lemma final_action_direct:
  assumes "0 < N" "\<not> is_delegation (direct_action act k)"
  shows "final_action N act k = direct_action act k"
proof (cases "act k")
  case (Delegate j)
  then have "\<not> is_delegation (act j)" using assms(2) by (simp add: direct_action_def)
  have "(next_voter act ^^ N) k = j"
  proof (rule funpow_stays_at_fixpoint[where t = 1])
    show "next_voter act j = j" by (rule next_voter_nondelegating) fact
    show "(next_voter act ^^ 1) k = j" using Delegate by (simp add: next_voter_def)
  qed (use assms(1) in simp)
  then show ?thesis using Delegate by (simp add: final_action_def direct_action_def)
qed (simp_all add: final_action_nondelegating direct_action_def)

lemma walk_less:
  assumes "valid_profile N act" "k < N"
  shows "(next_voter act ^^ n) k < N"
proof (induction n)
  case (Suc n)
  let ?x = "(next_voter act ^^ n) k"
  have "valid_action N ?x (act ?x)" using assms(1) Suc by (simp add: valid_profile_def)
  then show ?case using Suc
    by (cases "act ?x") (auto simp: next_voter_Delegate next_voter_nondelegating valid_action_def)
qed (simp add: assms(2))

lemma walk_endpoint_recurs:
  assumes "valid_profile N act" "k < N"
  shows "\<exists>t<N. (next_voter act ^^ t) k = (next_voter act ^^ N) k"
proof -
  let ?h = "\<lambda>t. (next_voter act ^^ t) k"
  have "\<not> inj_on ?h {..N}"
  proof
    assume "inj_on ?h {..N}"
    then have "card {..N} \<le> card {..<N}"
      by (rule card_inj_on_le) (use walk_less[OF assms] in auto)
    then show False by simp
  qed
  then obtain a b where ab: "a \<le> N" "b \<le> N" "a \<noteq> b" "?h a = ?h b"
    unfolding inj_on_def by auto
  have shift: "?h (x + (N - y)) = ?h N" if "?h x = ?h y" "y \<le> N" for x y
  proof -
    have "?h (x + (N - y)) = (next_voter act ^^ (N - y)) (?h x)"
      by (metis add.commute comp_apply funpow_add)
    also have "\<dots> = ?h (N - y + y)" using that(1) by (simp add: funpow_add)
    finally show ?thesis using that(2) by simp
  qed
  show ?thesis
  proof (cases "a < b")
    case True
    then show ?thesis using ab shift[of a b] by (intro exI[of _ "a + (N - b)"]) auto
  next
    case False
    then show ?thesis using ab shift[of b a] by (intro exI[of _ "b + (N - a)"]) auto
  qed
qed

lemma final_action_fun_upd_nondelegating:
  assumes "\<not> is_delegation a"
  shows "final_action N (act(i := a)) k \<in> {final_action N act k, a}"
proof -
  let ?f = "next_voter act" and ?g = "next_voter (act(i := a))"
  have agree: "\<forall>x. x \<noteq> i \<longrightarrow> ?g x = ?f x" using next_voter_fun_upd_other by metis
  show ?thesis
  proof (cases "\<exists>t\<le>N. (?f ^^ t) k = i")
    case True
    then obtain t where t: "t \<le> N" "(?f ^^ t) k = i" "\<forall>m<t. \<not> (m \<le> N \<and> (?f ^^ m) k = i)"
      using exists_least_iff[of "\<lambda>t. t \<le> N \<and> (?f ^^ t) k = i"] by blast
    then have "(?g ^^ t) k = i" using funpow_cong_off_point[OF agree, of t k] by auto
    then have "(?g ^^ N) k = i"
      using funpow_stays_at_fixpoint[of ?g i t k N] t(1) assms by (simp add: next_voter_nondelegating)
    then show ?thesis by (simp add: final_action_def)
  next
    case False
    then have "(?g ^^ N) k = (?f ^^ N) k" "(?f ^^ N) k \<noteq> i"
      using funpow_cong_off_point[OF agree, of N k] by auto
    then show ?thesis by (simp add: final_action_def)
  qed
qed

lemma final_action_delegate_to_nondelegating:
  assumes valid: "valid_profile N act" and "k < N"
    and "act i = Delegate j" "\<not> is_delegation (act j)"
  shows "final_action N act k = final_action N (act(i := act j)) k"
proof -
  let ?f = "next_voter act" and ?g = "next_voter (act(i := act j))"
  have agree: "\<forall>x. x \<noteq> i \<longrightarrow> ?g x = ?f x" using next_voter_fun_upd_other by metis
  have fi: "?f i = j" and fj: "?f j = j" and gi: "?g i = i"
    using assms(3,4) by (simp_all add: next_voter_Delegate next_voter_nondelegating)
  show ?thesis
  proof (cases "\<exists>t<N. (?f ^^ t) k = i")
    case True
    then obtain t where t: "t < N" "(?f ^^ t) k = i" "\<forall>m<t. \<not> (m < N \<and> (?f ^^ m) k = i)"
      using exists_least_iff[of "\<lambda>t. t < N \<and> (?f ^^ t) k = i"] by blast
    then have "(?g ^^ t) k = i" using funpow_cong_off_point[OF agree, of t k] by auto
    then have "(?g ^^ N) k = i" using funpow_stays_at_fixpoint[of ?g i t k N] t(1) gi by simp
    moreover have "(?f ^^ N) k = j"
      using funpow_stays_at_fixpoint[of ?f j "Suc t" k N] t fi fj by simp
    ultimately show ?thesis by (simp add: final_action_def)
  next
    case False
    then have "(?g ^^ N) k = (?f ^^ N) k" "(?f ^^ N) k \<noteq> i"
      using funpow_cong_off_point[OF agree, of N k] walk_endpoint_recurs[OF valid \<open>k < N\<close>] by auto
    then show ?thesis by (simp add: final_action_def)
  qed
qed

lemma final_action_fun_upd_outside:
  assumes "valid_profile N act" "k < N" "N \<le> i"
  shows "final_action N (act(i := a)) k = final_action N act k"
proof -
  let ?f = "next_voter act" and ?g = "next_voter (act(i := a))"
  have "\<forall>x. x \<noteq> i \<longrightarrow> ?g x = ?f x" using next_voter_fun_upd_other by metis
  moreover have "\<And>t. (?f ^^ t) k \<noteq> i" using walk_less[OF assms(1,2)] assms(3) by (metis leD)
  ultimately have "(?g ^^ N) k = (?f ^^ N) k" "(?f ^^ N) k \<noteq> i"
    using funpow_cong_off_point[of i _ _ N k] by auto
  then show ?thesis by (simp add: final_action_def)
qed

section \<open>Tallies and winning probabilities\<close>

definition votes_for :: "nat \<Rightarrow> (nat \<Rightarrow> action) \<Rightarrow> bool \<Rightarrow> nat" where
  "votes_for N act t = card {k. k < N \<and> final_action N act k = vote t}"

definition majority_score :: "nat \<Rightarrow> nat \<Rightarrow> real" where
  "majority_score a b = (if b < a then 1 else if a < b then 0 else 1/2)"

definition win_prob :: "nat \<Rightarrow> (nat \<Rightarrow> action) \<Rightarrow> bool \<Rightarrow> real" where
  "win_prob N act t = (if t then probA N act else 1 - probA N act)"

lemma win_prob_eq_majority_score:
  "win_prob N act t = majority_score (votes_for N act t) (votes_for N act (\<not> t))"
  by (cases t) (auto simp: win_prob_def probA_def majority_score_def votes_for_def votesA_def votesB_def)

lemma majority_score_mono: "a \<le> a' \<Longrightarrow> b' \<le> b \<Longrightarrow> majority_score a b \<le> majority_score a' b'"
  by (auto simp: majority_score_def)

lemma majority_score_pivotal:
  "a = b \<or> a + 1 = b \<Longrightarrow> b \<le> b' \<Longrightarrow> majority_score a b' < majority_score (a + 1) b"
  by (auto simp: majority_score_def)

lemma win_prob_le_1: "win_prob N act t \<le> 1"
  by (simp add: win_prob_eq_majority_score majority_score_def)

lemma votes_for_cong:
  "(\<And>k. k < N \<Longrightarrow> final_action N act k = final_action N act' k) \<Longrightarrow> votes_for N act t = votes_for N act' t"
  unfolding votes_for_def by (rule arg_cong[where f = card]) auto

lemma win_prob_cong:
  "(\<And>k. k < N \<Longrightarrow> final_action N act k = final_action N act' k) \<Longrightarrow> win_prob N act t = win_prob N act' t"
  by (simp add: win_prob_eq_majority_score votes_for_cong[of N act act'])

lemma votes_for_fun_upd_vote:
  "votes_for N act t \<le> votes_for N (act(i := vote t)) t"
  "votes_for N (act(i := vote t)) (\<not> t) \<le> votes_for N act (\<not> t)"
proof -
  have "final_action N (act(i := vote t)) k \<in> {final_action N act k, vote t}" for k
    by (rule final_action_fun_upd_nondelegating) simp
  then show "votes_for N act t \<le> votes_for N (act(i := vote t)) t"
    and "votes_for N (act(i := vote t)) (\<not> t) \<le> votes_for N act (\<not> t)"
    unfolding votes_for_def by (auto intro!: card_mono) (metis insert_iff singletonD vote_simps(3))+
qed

..............................

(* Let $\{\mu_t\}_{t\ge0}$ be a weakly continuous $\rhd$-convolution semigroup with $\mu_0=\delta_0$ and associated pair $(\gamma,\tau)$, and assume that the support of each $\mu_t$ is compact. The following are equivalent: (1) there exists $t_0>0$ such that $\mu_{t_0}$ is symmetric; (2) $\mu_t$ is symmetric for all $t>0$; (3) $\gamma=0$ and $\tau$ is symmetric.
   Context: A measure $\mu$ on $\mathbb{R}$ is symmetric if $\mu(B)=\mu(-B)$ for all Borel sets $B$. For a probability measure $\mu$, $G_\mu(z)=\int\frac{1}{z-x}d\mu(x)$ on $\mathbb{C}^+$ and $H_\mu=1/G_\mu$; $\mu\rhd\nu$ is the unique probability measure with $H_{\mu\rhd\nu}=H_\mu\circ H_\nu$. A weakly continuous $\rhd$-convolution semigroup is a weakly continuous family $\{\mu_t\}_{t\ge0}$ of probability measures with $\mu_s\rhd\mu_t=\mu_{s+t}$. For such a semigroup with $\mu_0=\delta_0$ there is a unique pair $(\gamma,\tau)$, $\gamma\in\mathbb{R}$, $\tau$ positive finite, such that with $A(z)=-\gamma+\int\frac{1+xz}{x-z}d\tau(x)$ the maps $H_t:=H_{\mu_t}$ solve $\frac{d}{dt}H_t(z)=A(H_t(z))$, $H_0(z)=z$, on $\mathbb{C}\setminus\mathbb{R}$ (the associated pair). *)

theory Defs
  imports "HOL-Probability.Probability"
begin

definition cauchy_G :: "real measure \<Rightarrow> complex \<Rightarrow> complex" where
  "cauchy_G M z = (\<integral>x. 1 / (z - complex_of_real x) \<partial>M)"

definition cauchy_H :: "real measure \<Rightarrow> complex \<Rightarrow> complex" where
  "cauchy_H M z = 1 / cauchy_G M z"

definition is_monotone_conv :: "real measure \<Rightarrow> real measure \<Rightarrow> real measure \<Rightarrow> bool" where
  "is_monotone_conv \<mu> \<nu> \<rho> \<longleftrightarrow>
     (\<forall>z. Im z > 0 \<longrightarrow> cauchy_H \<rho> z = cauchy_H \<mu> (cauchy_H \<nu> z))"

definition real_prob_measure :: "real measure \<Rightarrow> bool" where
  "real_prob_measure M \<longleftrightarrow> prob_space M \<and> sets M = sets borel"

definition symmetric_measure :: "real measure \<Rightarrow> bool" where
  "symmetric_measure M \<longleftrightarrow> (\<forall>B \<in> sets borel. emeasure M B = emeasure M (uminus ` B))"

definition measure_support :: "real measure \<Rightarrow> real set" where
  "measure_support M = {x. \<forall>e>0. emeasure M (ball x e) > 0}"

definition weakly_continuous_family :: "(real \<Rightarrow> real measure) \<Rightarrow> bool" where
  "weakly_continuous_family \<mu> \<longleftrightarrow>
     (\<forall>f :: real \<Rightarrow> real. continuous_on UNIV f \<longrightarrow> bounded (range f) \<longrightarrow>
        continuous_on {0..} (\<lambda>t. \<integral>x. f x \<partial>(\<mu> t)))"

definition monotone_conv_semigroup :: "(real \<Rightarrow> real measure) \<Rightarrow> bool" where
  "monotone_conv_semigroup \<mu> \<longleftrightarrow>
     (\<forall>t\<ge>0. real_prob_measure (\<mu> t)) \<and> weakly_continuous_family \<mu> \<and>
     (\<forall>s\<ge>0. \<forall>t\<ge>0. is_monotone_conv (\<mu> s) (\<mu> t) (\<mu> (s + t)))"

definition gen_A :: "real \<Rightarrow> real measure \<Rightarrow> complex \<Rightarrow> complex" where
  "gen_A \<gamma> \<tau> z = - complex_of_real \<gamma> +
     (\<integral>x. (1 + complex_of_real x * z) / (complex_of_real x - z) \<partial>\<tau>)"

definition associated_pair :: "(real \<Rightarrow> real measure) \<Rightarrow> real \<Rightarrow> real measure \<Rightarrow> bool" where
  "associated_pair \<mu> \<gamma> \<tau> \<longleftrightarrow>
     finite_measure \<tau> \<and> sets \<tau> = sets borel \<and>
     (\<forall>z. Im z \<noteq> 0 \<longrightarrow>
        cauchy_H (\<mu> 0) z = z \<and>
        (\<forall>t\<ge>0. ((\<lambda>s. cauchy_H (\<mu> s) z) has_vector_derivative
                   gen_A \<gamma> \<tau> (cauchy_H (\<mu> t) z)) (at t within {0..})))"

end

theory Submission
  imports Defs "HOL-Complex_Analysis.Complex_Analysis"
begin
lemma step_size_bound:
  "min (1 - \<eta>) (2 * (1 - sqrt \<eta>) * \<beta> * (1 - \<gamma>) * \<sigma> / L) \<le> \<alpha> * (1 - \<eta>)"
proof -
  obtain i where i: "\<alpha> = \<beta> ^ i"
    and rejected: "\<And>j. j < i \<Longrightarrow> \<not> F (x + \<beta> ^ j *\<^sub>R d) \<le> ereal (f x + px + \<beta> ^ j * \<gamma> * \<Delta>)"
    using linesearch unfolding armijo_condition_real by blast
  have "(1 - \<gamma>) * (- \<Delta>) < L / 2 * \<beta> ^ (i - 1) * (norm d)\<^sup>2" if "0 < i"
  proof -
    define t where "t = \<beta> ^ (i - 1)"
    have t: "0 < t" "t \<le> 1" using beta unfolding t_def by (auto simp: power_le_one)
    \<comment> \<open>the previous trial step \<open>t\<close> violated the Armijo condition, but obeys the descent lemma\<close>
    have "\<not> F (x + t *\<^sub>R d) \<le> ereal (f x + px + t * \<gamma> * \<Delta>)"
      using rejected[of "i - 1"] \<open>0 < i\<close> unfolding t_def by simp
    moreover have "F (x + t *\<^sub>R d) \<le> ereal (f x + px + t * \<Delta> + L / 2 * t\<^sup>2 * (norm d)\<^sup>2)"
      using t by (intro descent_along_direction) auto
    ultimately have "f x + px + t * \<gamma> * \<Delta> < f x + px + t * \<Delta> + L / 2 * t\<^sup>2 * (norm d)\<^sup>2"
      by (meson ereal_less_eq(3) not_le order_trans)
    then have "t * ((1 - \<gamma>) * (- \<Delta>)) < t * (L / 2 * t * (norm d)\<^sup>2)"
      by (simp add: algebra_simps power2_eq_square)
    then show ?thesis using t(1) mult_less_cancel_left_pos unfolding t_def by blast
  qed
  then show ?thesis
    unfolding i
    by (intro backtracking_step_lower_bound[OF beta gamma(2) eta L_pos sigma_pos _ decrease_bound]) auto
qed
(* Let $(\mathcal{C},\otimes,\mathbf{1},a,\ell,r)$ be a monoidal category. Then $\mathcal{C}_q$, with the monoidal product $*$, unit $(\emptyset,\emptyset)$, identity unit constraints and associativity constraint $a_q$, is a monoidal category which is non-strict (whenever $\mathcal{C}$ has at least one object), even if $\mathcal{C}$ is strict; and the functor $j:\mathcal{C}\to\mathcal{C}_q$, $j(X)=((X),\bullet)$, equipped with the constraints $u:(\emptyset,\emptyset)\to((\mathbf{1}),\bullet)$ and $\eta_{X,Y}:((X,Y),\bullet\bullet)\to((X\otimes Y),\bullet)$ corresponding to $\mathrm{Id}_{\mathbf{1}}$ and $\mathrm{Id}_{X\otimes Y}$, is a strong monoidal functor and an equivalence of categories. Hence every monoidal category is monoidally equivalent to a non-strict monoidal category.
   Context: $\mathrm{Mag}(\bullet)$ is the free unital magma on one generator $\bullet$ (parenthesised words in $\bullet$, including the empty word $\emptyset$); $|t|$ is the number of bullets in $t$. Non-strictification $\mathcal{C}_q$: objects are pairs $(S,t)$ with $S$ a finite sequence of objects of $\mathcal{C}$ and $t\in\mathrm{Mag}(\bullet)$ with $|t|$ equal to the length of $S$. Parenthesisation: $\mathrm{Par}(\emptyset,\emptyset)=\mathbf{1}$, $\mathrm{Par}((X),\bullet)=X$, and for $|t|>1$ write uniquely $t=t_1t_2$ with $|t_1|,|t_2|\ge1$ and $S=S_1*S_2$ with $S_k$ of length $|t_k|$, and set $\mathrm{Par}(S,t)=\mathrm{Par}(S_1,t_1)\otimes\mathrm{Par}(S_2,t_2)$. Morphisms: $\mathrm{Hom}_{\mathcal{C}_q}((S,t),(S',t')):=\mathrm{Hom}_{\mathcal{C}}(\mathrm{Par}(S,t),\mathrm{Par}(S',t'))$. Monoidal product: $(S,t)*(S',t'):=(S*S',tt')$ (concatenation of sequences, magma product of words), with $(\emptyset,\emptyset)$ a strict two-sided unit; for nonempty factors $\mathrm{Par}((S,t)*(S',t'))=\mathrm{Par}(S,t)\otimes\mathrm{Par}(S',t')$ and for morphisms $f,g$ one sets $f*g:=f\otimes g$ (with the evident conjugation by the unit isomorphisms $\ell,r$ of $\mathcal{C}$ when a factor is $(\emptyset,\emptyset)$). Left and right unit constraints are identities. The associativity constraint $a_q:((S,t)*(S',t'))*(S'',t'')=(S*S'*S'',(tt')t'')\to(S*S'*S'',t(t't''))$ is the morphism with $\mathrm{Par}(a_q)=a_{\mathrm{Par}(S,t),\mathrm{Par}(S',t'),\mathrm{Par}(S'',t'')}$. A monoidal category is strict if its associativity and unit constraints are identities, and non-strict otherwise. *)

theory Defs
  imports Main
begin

..............................

» **INSTRUCTIONS FOR THE TASK**
Scan the entries for lines holding the string "cases", then copy every one of them.

» **SOLUTION TO THIS PROBLEM**
proof (cases "act k")
    by (cases "act ?x") (auto simp: next_voter_Delegate next_voter_nondelegating valid_action_def)
  proof (cases "a < b")
  proof (cases "\<exists>t\<le>N. (?f ^^ t) k = i")
  proof (cases "\<exists>t<N. (?f ^^ t) k = i")
  by (cases t) (auto simp: win_prob_def probA_def majority_score_def votes_for_def votesA_def votesB_def)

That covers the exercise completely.